Saturday, June 25, 2016

BLC

There's a course I've needed to take for the military for sometime now...like almost three years.  I need it to be eligible for my next promotion.  I've been enrolled three times before, but each time I've had to cancel for a pregnancy or childcare related issue.  So, when my company called back in March and told me there was a slot open that needed to be filled soon, I truthfully wanted to still turn it down, but Justin seemed to think of it as an opportunity to get it done and out of the way.
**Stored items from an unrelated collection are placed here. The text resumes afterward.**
theorem theorem4:
  fixes m :: nat
    and f :: "nat \<Rightarrow> real^'n \<Rightarrow> real"
    and Df :: "nat \<Rightarrow> real^'n \<Rightarrow> real^'n"
    and H :: "nat \<Rightarrow> real^'n \<Rightarrow> real^'n^'n"
    and g :: "nat \<Rightarrow> real^'n \<Rightarrow> ereal"
    and \<mu> \<sigma> \<gamma> :: real
    and x d :: "nat \<Rightarrow> real^'n"
    and \<theta> :: "nat \<Rightarrow> ereal"
    and t :: "nat \<Rightarrow> real"
    and xstar :: "real^'n"
  assumes m: "m \<ge> 1"
    and g_proper: "\<forall>i\<in>{1..m}. proper_fun (g i)"
    and g_convex: "\<forall>i\<in>{1..m}. ereal_convex (g i)"
    and g_lsc: "\<forall>i\<in>{1..m}. lsc_fun (g i)"
    and f_grad: "\<forall>i\<in>{1..m}. \<forall>y. (f i has_derivative (\<lambda>v. Df i y \<bullet> v)) (at y)"
    and f_hess: "\<forall>i\<in>{1..m}. \<forall>y. (Df i has_derivative (\<lambda>v. H i y *v v)) (at y)"
    and hess_cont: "\<forall>i\<in>{1..m}. continuous_on UNIV (H i)"
    and mu_pos: "\<mu> > 0"
    and strongly_convex: "\<forall>i\<in>{1..m}. \<forall>y v. \<mu> * (v \<bullet> v) \<le> v \<bullet> (H i y *v v)"
    and sigma: "0 < \<sigma>" "\<sigma> < 1"
    and gamma: "0 < \<gamma>" "\<gamma> < 1"
    and x0_dom: "\<forall>i\<in>{1..m}. g i (x 0) \<noteq> \<infinity>"
    and dir: "\<forall>k. \<forall>v. newton_subobj m Df H g (x k) (d k) \<le> newton_subobj m Df H g (x k) v"
    and val: "\<forall>k. \<theta> k = newton_subobj m Df H g (x k) (d k)"
    and step: "\<forall>k. t k \<in> armijo_steps m f g \<sigma> \<gamma> (x k) (d k) (\<theta> k)
                    \<and> (\<forall>s\<in>armijo_steps m f g \<sigma> \<gamma> (x k) (d k) (\<theta> k). s \<le> t k)"
    and update: "\<forall>k. x (Suc k) = x k + t k *\<^sub>R d k"
    and not_crit: "\<forall>k. d k \<noteq> 0"
    and lim: "x \<longlonglongrightarrow> xstar"
  shows "(\<forall>\<epsilon>. 0 < \<epsilon> \<and> \<epsilon> \<le> (1 - \<sigma>) * \<mu> \<longrightarrow>
            (\<exists>K::nat. K > 0 \<and> (\<forall>k\<ge>K.
               (let \<tau> = norm (x (Suc k) - x k) / norm (x k - xstar) in
                  norm (x (Suc k) - xstar) \<le> sqrt (\<epsilon> * (1 + \<tau>\<^sup>2) / \<mu>) * norm (x k - xstar)
                  \<and> (\<mu> - sqrt (2 * \<mu> * \<epsilon> - \<epsilon>\<^sup>2)) / (\<mu> - \<epsilon>) \<le> \<tau>
                  \<and> \<tau> \<le> (\<mu> + sqrt (2 * \<mu> * \<epsilon> - \<epsilon>\<^sup>2)) / (\<mu> - \<epsilon>)))))
         \<and> ((\<lambda>k. norm (x (Suc k) - xstar) / norm (x k - xstar)) \<longlonglongrightarrow> 0)"
proof -
  interpret prox_newton_run m f Df H g \<mu> \<sigma> \<gamma> x d \<theta> t xstar
    by (rule prox_newton_run.intro) (rule assms)+
  have "(1 - \<sigma>) * \<mu> < \<mu>" using sigma mu_pos by simp
  then have "\<exists>K::nat. K > 0 \<and> (\<forall>k\<ge>K.
               (let \<tau> = norm (x (Suc k) - x k) / norm (x k - xstar) in
                  norm (x (Suc k) - xstar) \<le> sqrt (\<epsilon> * (1 + \<tau>\<^sup>2) / \<mu>) * norm (x k - xstar)
                  \<and> (\<mu> - sqrt (2 * \<mu> * \<epsilon> - \<epsilon>\<^sup>2)) / (\<mu> - \<epsilon>) \<le> \<tau>
                  \<and> \<tau> \<le> (\<mu> + sqrt (2 * \<mu> * \<epsilon> - \<epsilon>\<^sup>2)) / (\<mu> - \<epsilon>)))"
    if "0 < \<epsilon>" "\<epsilon> \<le> (1 - \<sigma>) * \<mu>" for \<epsilon>
    using that by (intro superlinear_imp_error_bounds superlinear_convergence eventually_iterate_ne_limit) auto
  with superlinear_convergence show ?thesis by blast
qed

end
lemma sum_gstar_vertices:
  "(\<Sum>v\<in>gstar_vertices t s q. g v) = g Hub + (\<Sum>i<t. \<Sum>j<s i. g (Cyc i j))
      + (\<Sum>k<q. g (Mt k True) + g (Mt k False))"
proof -
  let ?C = "(\<lambda>(i,j). Cyc i j) ` (SIGMA i:{..<t}. {..<s i})"
  let ?M = "(\<lambda>(k,b). Mt k b) ` ({..<q} \<times> (UNIV::bool set))"
  have "(\<Sum>v\<in>gstar_vertices t s q. g v) = g Hub + (\<Sum>v\<in>?C \<union> ?M. g v)"
    unfolding gstar_vertices_eq by (subst sum.insert) auto
  also have "(\<Sum>v\<in>?C \<union> ?M. g v) = (\<Sum>v\<in>?C. g v) + (\<Sum>v\<in>?M. g v)"
    by (rule sum.union_disjoint) auto
  also have "(\<Sum>v\<in>?C. g v) = (\<Sum>i<t. \<Sum>j<s i. g (Cyc i j))"
    by (subst sum.reindex) (auto simp: inj_on_def sum.Sigma prod.case_distrib)
  also have "(\<Sum>v\<in>?M. g v) = (\<Sum>k<q. \<Sum>b\<in>UNIV. g (Mt k b))"
    by (subst sum.reindex) (auto simp: inj_on_def sum.cartesian_product prod.case_distrib)
  also have "\<dots> = (\<Sum>k<q. g (Mt k True) + g (Mt k False))" by (simp add: UNIV_bool add.commute)
  finally show ?thesis by (simp add: add.assoc)
qed

lemma card_gstar_vertices: "card (gstar_vertices t s q) = 1 + (\<Sum>i<t. s i) + 2 * q"
  using sum_gstar_vertices[of "\<lambda>_. 1::nat" t s q] by simp

definition gstar_class_vec :: "real \<Rightarrow> real \<Rightarrow> real \<Rightarrow> vtx \<Rightarrow> real" where
  "gstar_class_vec a b c = case_vtx a (\<lambda>_ _. b) (\<lambda>_ _. c)"

lemma gstar_class_vec_simps [simp]:
  "gstar_class_vec a b c Hub = a"
  "gstar_class_vec a b c (Cyc i j) = b"
  "gstar_class_vec a b c (Mt k e) = c"
  by (simp_all add: gstar_class_vec_def)

lemma gstar_class_vec_one: "gstar_class_vec 1 1 1 v = 1"
  by (cases v) simp_all

lemma gstar_adj_class_vec_Hub:
  "(\<Sum>v\<in>gstar_vertices t s q. real (gstar_adj s Hub v) * gstar_class_vec a b c v)
     = real (\<Sum>i<t. s i) * b + 2 * real q * c"
  by (subst sum_gstar_vertices) (simp add: sum_distrib_right)

lemma gstar_adj_class_vec_Cyc:
  assumes "i < t" "j < s i" "s i \<ge> 2"
  shows "(\<Sum>v\<in>gstar_vertices t s q. real (gstar_adj s (Cyc i j) v) * gstar_class_vec a b c v)
           = a + 2 * b"
proof -
  have "(\<Sum>i'<t. \<Sum>j'<s i'. real (gstar_adj s (Cyc i j) (Cyc i' j')) * b)
          = (\<Sum>i'<t. if i' = i then (\<Sum>j'<s i. real (cyc_mult (s i) j j') * b) else 0)"
    by (rule sum.cong) auto
  also have "\<dots> = real (\<Sum>j'<s i. cyc_mult (s i) j j') * b"
    using assms(1) by (simp add: sum_distrib_right)
  also have "\<dots> = 2 * b" using assms(2,3) by (simp add: sum_cyc_mult)
  finally show ?thesis by (subst sum_gstar_vertices) simp
qed

lemma gstar_adj_class_vec_Mt:
  assumes "k < q"
  shows "(\<Sum>v\<in>gstar_vertices t s q. real (gstar_adj s (Mt k e) v) * gstar_class_vec a b c v)
           = a + c"
proof -
  have "(\<Sum>k'<q. real (gstar_adj s (Mt k e) (Mt k' True)) * c
                  + real (gstar_adj s (Mt k e) (Mt k' False)) * c)
          = (\<Sum>k'<q. if k' = k then c else 0)"
    by (rule sum.cong) auto
  also have "\<dots> = c" using assms by simp
  finally show ?thesis by (subst sum_gstar_vertices) simp
qed

lemma gstar_degree:
  assumes "\<forall>i<t. s i \<ge> 2" "u \<in> gstar_vertices t s q"
  shows "real (mg_degree (gstar_vertices t s q) (gstar_adj s) u)
           = (case u of Hub \<Rightarrow> real (\<Sum>i<t. s i) + 2 * real q | Cyc _ _ \<Rightarrow> 3 | Mt _ _ \<Rightarrow> 2)"
proof -
  have "real (mg_degree (gstar_vertices t s q) (gstar_adj s) u)
          = (\<Sum>v\<in>gstar_vertices t s q. real (gstar_adj s u v) * gstar_class_vec 1 1 1 v)"
    unfolding mg_degree_def gstar_class_vec_one by simp
  with assms(2) show ?thesis
    by (cases rule: gstar_vertices_cases) (use assms(1) in \<open>simp_all add:
        gstar_adj_class_vec_Hub gstar_adj_class_vec_Cyc gstar_adj_class_vec_Mt\<close>)
qed

lemma gstar_signless_laplacian_class_vec:
  assumes "\<forall>i<t. s i \<ge> 2" "u \<in> gstar_vertices t s q"
  defines "m \<equiv> real (\<Sum>i<t. s i)"
  shows "(\<Sum>v\<in>gstar_vertices t s q. signless_laplacian (gstar_vertices t s q) (gstar_adj s) u v
            * gstar_class_vec a b c v)
         = gstar_class_vec ((m + 2 * real q) * a + m * b + 2 * real q * c) (a + 5 * b) (a + 3 * c) u"
proof -
  note Q_mult = signless_laplacian_mult[OF finite_gstar_vertices assms(2), of "gstar_adj s"]
    and deg = gstar_degree[OF assms(1,2)]
  from assms(2) show ?thesis
  proof (cases rule: gstar_vertices_cases)
    case 1
    then show ?thesis
      using Q_mult deg gstar_adj_class_vec_Hub[where t=t and s=s and q=q and a=a and b=b and c=c]
      by (simp add: m_def algebra_simps)
  next
    case (2 i j)
    moreover have "s i \<ge> 2" using 2 assms(1) by simp
    ultimately show ?thesis
      using Q_mult deg
        gstar_adj_class_vec_Cyc[where s=s and i=i and j=j and t=t and q=q and a=a and b=b and c=c]
      by (simp add: algebra_simps)
  next
    case (3 k e)
    then show ?thesis
      using Q_mult deg gstar_adj_class_vec_Mt[OF 3(2), where s=s and e=e and t=t and a=a and b=b and c=c]
      by (simp add: algebra_simps)
  qed
qed

theorem lemma3p3:
  fixes t q :: nat and s :: "nat \<Rightarrow> nat" and n :: nat
  assumes "t \<ge> 1" and "q \<ge> 1" and "\<forall>i<t. s i \<ge> 2"
    and "n = card (gstar_vertices t s q)"
  shows "sigma1 (gstar_vertices t s q) (gstar_adj s) =
    Max {mu::real. poly [:12 - 12 * real n + 4 * real q, 7 * real n + 8, - (real n + 7), 1:] mu = 0}"
proof -
  define V where "V = gstar_vertices t s q"
  define m where "m = real (\<Sum>i<t. s i)"
  define r where "r = Max {x. poly [:12 - 12 * real n + 4 * real q, 7 * real n + 8, - (real n + 7), 1:] x = 0}"
  have n: "real n = 1 + m + 2 * real q" using assms(4) card_gstar_vertices unfolding m_def by simp
  have "2 \<le> s 0" using assms(1,3) by simp
  also have "s 0 \<le> (\<Sum>i<t. s i)" using assms(1) by (intro member_le_sum) auto
  finally have "m > 0" unfolding m_def by (simp only: of_nat_0_less_iff)
  note r_gt = cubic_largest_root(1)[OF this of_nat_0_le_iff n, folded r_def]
    and hub_row = cubic_largest_root(2)[OF this of_nat_0_le_iff n, folded r_def]
  define y where "y = gstar_class_vec ((r - 5) * (r - 3)) (r - 3) (r - 5)"
  have "(\<Sum>v\<in>V. signless_laplacian V (gstar_adj s) u v * y v) = r * y u" if u: "u \<in> V" for u
  proof -
    have "(\<Sum>v\<in>V. signless_laplacian V (gstar_adj s) u v * y v)
        = gstar_class_vec ((m + 2 * real q) * ((r - 5) * (r - 3)) + m * (r - 3) + 2 * real q * (r - 5))
            ((r - 5) * (r - 3) + 5 * (r - 3)) ((r - 5) * (r - 3) + 3 * (r - 5)) u"
      using gstar_signless_laplacian_class_vec[OF assms(3) u[unfolded V_def]]
      unfolding V_def y_def m_def .
    also have "\<dots> = r * y u" unfolding hub_row y_def by (cases u) (simp_all add: algebra_simps)
    finally show ?thesis .
  qed
  moreover have "y u > 0" for u using r_gt unfolding y_def by (cases u) auto
  moreover have "Hub \<in> V" unfolding V_def gstar_vertices_def by simp
  ultimately have "sigma1 V (gstar_adj s) = r"
    using finite_gstar_vertices[of t s q, folded V_def]
    by (intro sigma1_eq_of_positive_eigenvector[where y = y]) (auto intro: gstar_adj_sym)
  then show ?thesis unfolding V_def r_def .
qed

end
We decided to send Vivian to Boise for the duration of the three week course.  This was actually the worst part of the training for me.  The worst.  I missed her terribly, but the bright side is that my kid is super resilient.  She came back to me with smiles, and all kinds of stories that are still a bit garbled with her limited vocabulary about "Meemaw"/Grandma, and "Beebaw"/Grandpa.  I think it safe to assume that she did not suffer in her time away.

The first morning we went out to take a PT test.  Just a standard Army PT test.  I've done dozens of these.  It was going well, and then we got to the run.  I was only part way through my first lap of eight, and I felt so tired that I wanted to lay down in the middle of the track and fall asleep.  I attributed this in part to my bunkmate that felt a need to get up at 3:30 that morning to do hair and makeup before a PT test.  Loudly, in an open bay.  Subsequently all 10 people in that bay woke up at 3:30 and remained awake for her preparations.  The test was at 5:00, I got up at 4:30, like most of the other women in the room.

The first day of these sorts of things is always just kind of a blur of leadership trying to be cool and simultaneously crack the whip to show you who is in charge.  It's all pretty uninteresting, and the next several days went something along those lines.  Although, I continued to feel exhausted, I told myself that it was probably still just the early morning wake-ups from the irritating bunkmate.  However, I had a nagging suspicion that there was more to it, and that I may be pregnant.  If the instructors were to find out about a pregnancy I'd be kicked out of the course immediately, which didn't really seem all that unappealing.

My fifth morning there I took a positive pregnancy test and almost missed morning formation because I was still in the latrine madly texting a freak out to Justin about what to do next.  He said to hang in there and get it done.  It really was not the response I had hoped to hear, but I figured he was right, so I forged ahead with the course.  It was terrible.  Morning sickness started to set in by day 7, by day 15 or so I was trying hard every day in the DFAC to just get food in and keep it there.  The last week there just felt like hell.  What would any army training be without wrapping it up with a couple of nights in the field?  I've done funner things in my life.  I've done funner things in the army.
One of our instructors took us on a night hike to the top of a mountain our last night in the field.  I hiked it, but I was super slow getting to the top.
 It's really almost hard to fail at that point in the training, so all I had to do was just kind of get through it.  I did.  I got through it.  I think that's about all that can be said for my field performance.  All the same, I was rewarded at the end when my in-laws trekked down from Idaho for graduation with Vivian.
I don't feel like this kid even looks like she belongs to me, but she does.  She's mine.
Justin had said he couldn't make it, but he did, and having my little family all back in one place was the best part about being done.  I came home and told Justin that I never wanted to leave my bed again.  I felt like I could sleep for a week, were it not for Vivian who will do things like lean in and pant in my face every morning to wake me.  I wake up to her inches from my face with a huge grin on hers, and how can you call that a bad wake up?